• [YOUR ASSIGNMENT]
Restate the data that follows exactly as it stands, beginning with the first line and ending with the line that contains "using linear_L by".

• [PROVIDED INFORMATION]
lemma orthogonal_entries_mult_right:
  assumes "orthogonal_entries F G"
  shows "orthogonal_entries (\<lambda>b. F b ** Y) G"
proof -
  have "(\<Sum>b\<in>Basis. (F b ** Y) $ i $ j * G b $ k $ l)
      = (\<Sum>p\<in>UNIV. Y $ p $ j * (\<Sum>b\<in>Basis. F b $ i $ p * G b $ k $ l))" for i j k l
    by (simp add: matrix_matrix_mult_def sum_distrib_left sum_distrib_right ac_simps sum.swap[of _ Basis])
  with assms show ?thesis
    by (simp add: orthogonal_entries_def)
qed

lemma orthogonal_entries_diff:
  assumes "orthogonal_entries F H" "orthogonal_entries G H"
  shows "orthogonal_entries (\<lambda>b. F b - G b) H"
  using assms by (simp add: orthogonal_entries_def left_diff_distrib sum_subtractf)

lemma orthogonal_entries_sum_mult:
  assumes "orthogonal_entries F G"
  shows "(\<Sum>b\<in>Basis. (F b ** G b) $ i $ j) = 0"
proof -
  have "(\<Sum>b\<in>Basis. (F b ** G b) $ i $ j) = (\<Sum>k\<in>UNIV. \<Sum>b\<in>Basis. F b $ i $ k * G b $ k $ j)"
    unfolding matrix_matrix_mult_def vec_lambda_beta by (rule sum.swap)
  with assms show ?thesis
    by (simp add: orthogonal_entries_def)
qed

locale orthogonal_linear_pair =
  fixes L :: "'a::euclidean_space \<Rightarrow> complex^'n::finite^'m::finite"
    and M :: "'a \<Rightarrow> complex^'n^'n"
  assumes linear_L: "linear L" and linear_M: "linear M"
    and orthogonal_L_L: "orthogonal_entries L L"
    and orthogonal_L_M: "orthogonal_entries L M"
    and orthogonal_M_M: "orthogonal_entries M M"
begin

definition Phi :: "'a \<Rightarrow> complex^'n^'m" where
  "Phi x = L x ** matrix_inv (M x)"

definition dPhi :: "'a \<Rightarrow> 'a \<Rightarrow> complex^'n^'m" where
  "dPhi x v = (L v - Phi x ** M v) ** matrix_inv (M x)"

lemma L_line: "L (x + t *\<^sub>R v) = L x + t *\<^sub>R L v"
  using linear_L by (simp add: linear_add linear_scale)

lemma M_line: "M (x + t *\<^sub>R v) = M x + t *\<^sub>R M v"
  using linear_M by (simp add: linear_add linear_scale)

lemma has_vector_derivative_Phi_line:
  assumes "det (M x) \<noteq> 0"
  shows "((\<lambda>t. Phi (x + t *\<^sub>R v)) has_vector_derivative dPhi x v) (at 0)"
  using matrix_mult.has_vector_derivative[OF has_vector_derivative_line
      has_vector_derivative_matrix_inv_line[OF assms]]
  by (simp add: Phi_def dPhi_def L_line M_line matrix_mult.diff_left matrix_mult.minus_right matrix_mul_assoc)

lemma dderiv_Phi:
  assumes "det (M x) \<noteq> 0"
  shows "dderiv v (\<lambda>y. Phi y $ a $ c) x = dPhi x v $ a $ c"
  by (rule dderiv_eqI has_vector_derivative_matrix_entry has_vector_derivative_Phi_line assms)+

• [RESPONSE BELOW]
lemma orthogonal_entries_mult_right:
  assumes "orthogonal_entries F G"
  shows "orthogonal_entries (\<lambda>b. F b ** Y) G"
proof -
  have "(\<Sum>b\<in>Basis. (F b ** Y) $ i $ j * G b $ k $ l)
      = (\<Sum>p\<in>UNIV. Y $ p $ j * (\<Sum>b\<in>Basis. F b $ i $ p * G b $ k $ l))" for i j k l
    by (simp add: matrix_matrix_mult_def sum_distrib_left sum_distrib_right ac_simps sum.swap[of _ Basis])
  with assms show ?thesis
    by (simp add: orthogonal_entries_def)
qed

lemma orthogonal_entries_diff:
  assumes "orthogonal_entries F H" "orthogonal_entries G H"
  shows "orthogonal_entries (\<lambda>b. F b - G b) H"
  using assms by (simp add: orthogonal_entries_def left_diff_distrib sum_subtractf)

lemma orthogonal_entries_sum_mult:
  assumes "orthogonal_entries F G"
  shows "(\<Sum>b\<in>Basis. (F b ** G b) $ i $ j) = 0"
proof -
  have "(\<Sum>b\<in>Basis. (F b ** G b) $ i $ j) = (\<Sum>k\<in>UNIV. \<Sum>b\<in>Basis. F b $ i $ k * G b $ k $ j)"
    unfolding matrix_matrix_mult_def vec_lambda_beta by (rule sum.swap)
  with assms show ?thesis
    by (simp add: orthogonal_entries_def)
qed

locale orthogonal_linear_pair =
  fixes L :: "'a::euclidean_space \<Rightarrow> complex^'n::finite^'m::finite"
    and M :: "'a \<Rightarrow> complex^'n^'n"
  assumes linear_L: "linear L" and linear_M: "linear M"
    and orthogonal_L_L: "orthogonal_entries L L"
    and orthogonal_L_M: "orthogonal_entries L M"
    and orthogonal_M_M: "orthogonal_entries M M"
begin

definition Phi :: "'a \<Rightarrow> complex^'n^'m" where
  "Phi x = L x ** matrix_inv (M x)"

definition dPhi :: "'a \<Rightarrow> 'a \<Rightarrow> complex^'n^'m" where
  "dPhi x v = (L v - Phi x ** M v) ** matrix_inv (M x)"

lemma L_line: "L (x + t *\<^sub>R v) = L x + t *\<^sub>R L v"
  using linear_L by (simp add: linear_add linear_scale)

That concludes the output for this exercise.